Sylvie Trilles
Artiste peintre.
Exultation. Transport de Joie. Telle est la sensation première que dégagent les tableaux de la plasticienne Sylvie Trilles. Pourtant, nulle exubérance dans les œuvres présentées. Cette Joie profonde est tangible. Ses acryliques sont, d'abord le reflet d'une sérénité souriante, d'une empathie qui se veut familière avec un plaisir de vivre ou de peindre contagieux, généreux autant que discret. Les lignes de force, souvent dans la verticalité, s'étirent vers un hors –champ imaginaire de la toile. La vivacité chromatique et un trait puissant marquent la détermination de l'artiste à trouver un langage, l'alphabet d'un monde qu'elle interroge sans cesse, toile après toile, comme pour en explorer le champ des possibles.

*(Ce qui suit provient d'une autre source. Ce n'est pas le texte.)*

(* Let $\mathcal W$ be the even part of $W(m,n;\underline t)$ over a field of characteristic $p>3$, $m,n\ge3$. If $q>1$ is an integer that is not a power of $p$, then $\mathrm{Der}_{-q}(\mathcal W)=0$.
   Context: $\mathbb F$ is a field of characteristic $p>3$; $m,n\ge 3$; $\underline t=(t_1,\dots,t_m)$ positive integers, $\pi_i=p^{t_i}-1$. $Y_0=\{1,\dots,m\}$, $Y_1=\{m+1,\dots,m+n\}$, $Y=Y_0\cup Y_1$, $\tau(r)=\bar0$ on $Y_0$, $\bar1$ on $Y_1$. $\mathfrak A=\mathfrak A(m,n;\underline t)$ is the supercommutative superalgebra with basis $x^{(\alpha)}x^u$ ($\alpha\in\mathbb N_0^m$, $\alpha_i\le\pi_i$; $u$ an increasing sequence in $Y_1$, $x^u$ the product of odd generators $x_k$, $k\in u$), divided-power multiplication (zero if some index exceeds $\pi_i$), anticommuting $x_k$, parity $|u|\bmod 2$. $D_i$ ($i\in Y_0$) sends $x^{(\alpha)}x^u\mapsto x^{(\alpha-\varepsilon_i)}x^u$, $D_k$ ($k\in Y_1$) is the odd partial derivative $\partial/\partial x_k$. $W=\{\sum_{r\in Y}f_rD_r:f_r\in\mathfrak A\}$ with bracket $[fD_r,gD_s]=fD_r(g)D_s-(-1)^{\mathrm p(fD_r)\mathrm p(gD_s)}gD_s(f)D_r$; $x^{(\alpha)}x^uD_r$ has parity $|u|+\tau(r)$ and $\mathbb Z$-degree $|\alpha|+|u|-1$. $\mathcal W=W_{\bar0}=\bigoplus_{i\ge-1}\mathcal W_i$ with the induced $\mathbb Z$-grading. $\mathrm{Der}_{-q}(\mathcal W)$ is the space of derivations $D$ of $\mathcal W$ with $D(\mathcal W_i)\subset\mathcal W_{i-q}$ for all $i$. *)

theory Defs
  imports Main "HOL-Computational_Algebra.Primes"
begin

text \<open>Monomials x^(alpha) x^u: alpha is a multi-index (zero outside Y0), u a finite
 subset of Y1 (= an increasing sequence in Y1).\<close>
type_synonym mono = "(nat \<Rightarrow> nat) \<times> nat set"

definition Y0 :: "nat \<Rightarrow> nat set" where "Y0 m = {1..m}"
definition Y1 :: "nat \<Rightarrow> nat \<Rightarrow> nat set" where "Y1 m n = {m+1..m+n}"
definition Y :: "nat \<Rightarrow> nat \<Rightarrow> nat set" where "Y m n = Y0 m \<union> Y1 m n"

Jubilation pour le regard, jubilation de l'artiste qui s'interroge et requiert du spectateur la même plongée, s'il le veut bien, dans les abysses du possible. Tout se passe comme si la toile et ses aplats en épaisseurs devenaient le support d'une méditation féconde. L'arrêt sur l'image conjoint la fuite vers un ailleurs, vers un au-delà du cadre et le tissu moiré, en surimpressions, en aplats fermes, de la peinture. Cette épaisseur questionne peut-être le souvenir et la mémoire, comme pour le poète T. S. Eliot dans son œuvre Quatre Quatuors, cherchant une clé au grand mystère du vivre :
"Des pas résonnent en écho dans la mémoire
Le long du corridor que nous n'avons pas pris
Vers la porte que n'avons jamais ouverte
Sur le Jardin des roses"
(traduction de P Leyris)
Mais, chez Sylvie Trilles, la nostalgie du "jardin des roses" cède le pas à une quête vive et active. Pourquoi ?
Pourquoi…"pas" ? Les questions sont là comme l'indice d'une curiosité, d'une surprise, de quelque chose qui intrigue, dérange et surprend sans vraiment inquiéter, encore moins angoisser. L'orientation est celle du présent dans cet univers où la plainte et le regret n'ont pas exactement leur
place. À y regarder de plus près, en une bienheureuse myopie, ses grandes toiles offrent des espaces délimités. Des univers se juxtaposent qui, à eux seuls constituent d'autres créations, comme une mise en abyme du tableau lui-même. Ces mondes microscopiques dont il faut s'approcher pour en saisir les subtilités, ne sont pas à traduire, à expliquer. La beauté de ces "miniatures" surprend par leur mystère hiéroglyphique. Jamais, dans ces constructions géométriques, plus ou moins closes, rien n'est identique. Au contraire, la matérialité de la toile se difracte en autant de ricochets fugitifs, inexplicables, profonds parce qu'éphémères. D'une rare élégance. "Je veille, dans la mesure du possible, à ne faire que des peintures qui suscitent le mystère avec la précision et l'enchantement nécessaire à la vie des idées" écrivait R Magritte. En cela, l'œuvre de Sylvie Trilles pourrait bien lui servir d'écho.